The Anglo-Swedish drugmaker is making the investment to bolster its vaccine manufacturing and research and development capabilities in the U.K.
Pictured: AstraZeneca’s production plant in Sweden/iStock, Roland Magnusson
AstraZeneca on Wednesday pledged approximately $827 million (£650 million) to increase its presence in the U.K., including a new R&D facility and the expansion of its vaccine manufacturing capabilities.
According to the U.K. government, around $573 million (£450 million) of AstraZeneca’s commitment will be used to construct a new facility for the research, development and manufacture of vaccines in Speke, Liverpool. The new campus—which will be designed to be operationally net zero and draw power from renewable sources—is designed to help AstraZeneca produce shots for its global child vaccination program.
As part of its partnership with the U.K. government, AstraZeneca will also partner with the Health Security Agency to “advance science for developing and evaluating vaccines,” boosting the country’s resilience against future pandemics, according to the announcement. The alliance will leverage innovations at AstraZeneca’s Speke site and the agency’s Vaccine Development Evaluation Center.

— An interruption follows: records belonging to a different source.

(* Let $N\ge 2$ be an integer and $\kappa,m>0$. For every fixed $k_1\in\mathbb{Z}\cap(0,N)$, $$\sum_{\substack{k_2,k_3,k_4\in\mathbb{Z}\cap(0,N)\\ k_1-k_2-k_3-k_4\equiv 0\ (\mathrm{mod}\ N)}}\big|A^{(1)}_{1,2,3,4}\big|^2+\sum_{\substack{k_2,k_3,k_4\in\mathbb{Z}\cap(0,N)\\ k_1-k_2+k_3+k_4\equiv 0\ (\mathrm{mod}\ N)}}\big|A^{(2)}_{1,2,3,4}\big|^2+\sum_{\substack{k_2,k_3,k_4\in\mathbb{Z}\cap(0,N)\\ k_1+k_2+k_3+k_4\equiv 0\ (\mathrm{mod}\ N)}}\big|A^{(3)}_{1,2,3,4}\big|^2\le C\,N^2\log N,$$ where $C>0$ is a constant depending only on $\kappa$ and $m$ (in particular independent of $N$ and $k_1$).
   Context: For an integer $N\ge 2$ and constants $\kappa,m>0$, define for $k\in\mathbb{Z}$ the frequency $\omega_k=2\sqrt{\kappa/m}\,\big|\sin(\pi k/N)\big|$ and the $2N$-periodic sign function $\iota(x)=\operatorname{sgn}\sin(\pi x/N)$. For integers $k_1,k_2,k_3,k_4$ (abbreviated by their indices $1,2,3,4$) set $$T_{1,2,3,4}=-\frac{3}{4\kappa^2}\,\iota(k_2+k_3+k_4)\,\iota(k_2)\,\iota(k_3)\,\iota(k_4)\prod_{i=1}^4\sqrt{\omega_{k_i}},$$ and let $T_{1,-2,3,4}$ denote the same expression with $k_2$ replaced by $-k_2$, i.e. $-\frac{3}{4\kappa^2}\iota(-k_2+k_3+k_4)\iota(-k_2)\iota(k_3)\iota(k_4)\prod_{i=1}^4\sqrt{\omega_{k_i}}$. Define $$A^{(1)}_{1,2,3,4}=-\frac{T_{1,2,3,4}}{\omega_{k_1}-\omega_{k_2}-\omega_{k_3}-\omega_{k_4}},\quad A^{(2)}_{1,2,3,4}=-\frac{T_{1,-2,3,4}}{\omega_{k_1}-\omega_{k_2}+\omega_{k_3}+\omega_{k_4}},\quad A^{(3)}_{1,2,3,4}=-\frac{T_{1,2,3,4}}{\omega_{k_1}+\omega_{k_2}+\omega_{k_3}+\omega_{k_4}}.$$ On the respective summation ranges (all $k_i\in\mathbb{Z}\cap(0,N)$ with the stated congruence mod $N$) the denominators do not vanish. These are the coefficients of the normal form transformation removing non-resonant quartic terms in the $\beta$-FPUT chain. *)

theory Defs
  imports Complex_Main
begin
(* Let $\Gamma=\langle V,(w_u)_{u\in V},\alpha,\beta\rangle$ be a celebrity game with $\beta>1$ and let $W=\sum_{u\in V}w_u$. Then: (i) if $\Gamma$ is a star celebrity game, $PoS(\Gamma)=1$; (ii) if $\Gamma$ is not a star celebrity game and $\alpha\ge W$, then $PoS(\Gamma)=PoA(\Gamma)=1$; (iii) if $\Gamma$ is not a star celebrity game and $\alpha<W$, then $PoS(\Gamma)=PoA(\Gamma)=W/\alpha>1$.
   Context: A celebrity game $\Gamma=\langle V,(w_u)_{u\in V},\alpha,\beta\rangle$ consists of a set of players $V=\{1,\dots,n\}$, celebrity weights $w_u>0$, a link cost $\alpha>0$ and a critical distance $\beta$ with $1\le\beta\le n-1$. A strategy of player $u$ is a set $S_u\subseteq V\setminus\{u\}$; a strategy profile is $S=(S_1,\dots,S_n)$; its outcome graph $G[S]$ is the undirected graph on $V$ with edge set $\{\{u,v\}: u\in S_v\text{ or }v\in S_u\}$. With $d_G$ the graph distance (infinite between different connected components), the cost of player $u$ is $c_u(S)=\alpha|S_u|+\sum_{v:\,d_{G[S]}(u,v)>\beta}w_v$ and the social cost is $C(S)=\sum_{u\in V}c_u(S)$. $S$ is a Nash equilibrium (NE) if no player can strictly decrease its cost by changing only its own strategy; a graph is an NE graph of $\Gamma$ if it is $G[S]$ for some NE $S$. $\mathrm{opt}(\Gamma)=\min_S C(S)$, $PoA(\Gamma)=\max_{S\text{ NE}}C(S)/\mathrm{opt}(\Gamma)$ and $PoS(\Gamma)=\min_{S\text{ NE}}C(S)/\mathrm{opt}(\Gamma)$. $\Gamma$ is a star celebrity game if it has an NE graph that is connected. *)

theory Defs
  imports Main "HOL-Library.Extended_Nat"
begin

The remaining $254 million (£200 million) will go toward a separate site at Europe’s largest life sciences cluster in Cambridge. The facility, co-located with AstraZeneca’s R&D Discovery Center, will be able to house 1,000 employees.
Wednesday’s announcement also revealed that AstraZeneca will inaugurate a new manufacturing plant in Macclesfield for one of its cancer therapies. In 2021, the pharma dropped around $484 million (£380 million) to construct this facility, which is set to open later this year.
AstraZeneca CEO Pascal Soriot in a statement said that the investment marks the 25th-year anniversary since the U.K.-based Zeneca Group merged with the Swedish company Astra AB.
“We are proud of our British roots and how far we have come over that time,” Soriot said. “We are now a truly global company that has transformed the lives of millions of patients throughout the world with a relentless focus on science and innovation.”
The manufacturing and R&D boost comes after AstraZeneca’s vaccine and immune therapies franchise took a heavy hit from declining COVID-19 sales. In its fourth-quarter and full-year 2023 financial results, the pharma reported a 90% drop in its coronavirus business, which was only slightly offset by the combined sales of its other assets, including Farxiga (dapagliflozin) and Tagrisso (osimertinib).
To bolster its vaccine business, AstraZeneca in December 2023 bought into the respiratory syncytial virus (RSV) vaccine space with a potential $1.1 billion acquisition deal with Icosavax. The biotech is advancing a combination vaccine dubbed IVX-A12, which targets both RSV and human metapneumovirus.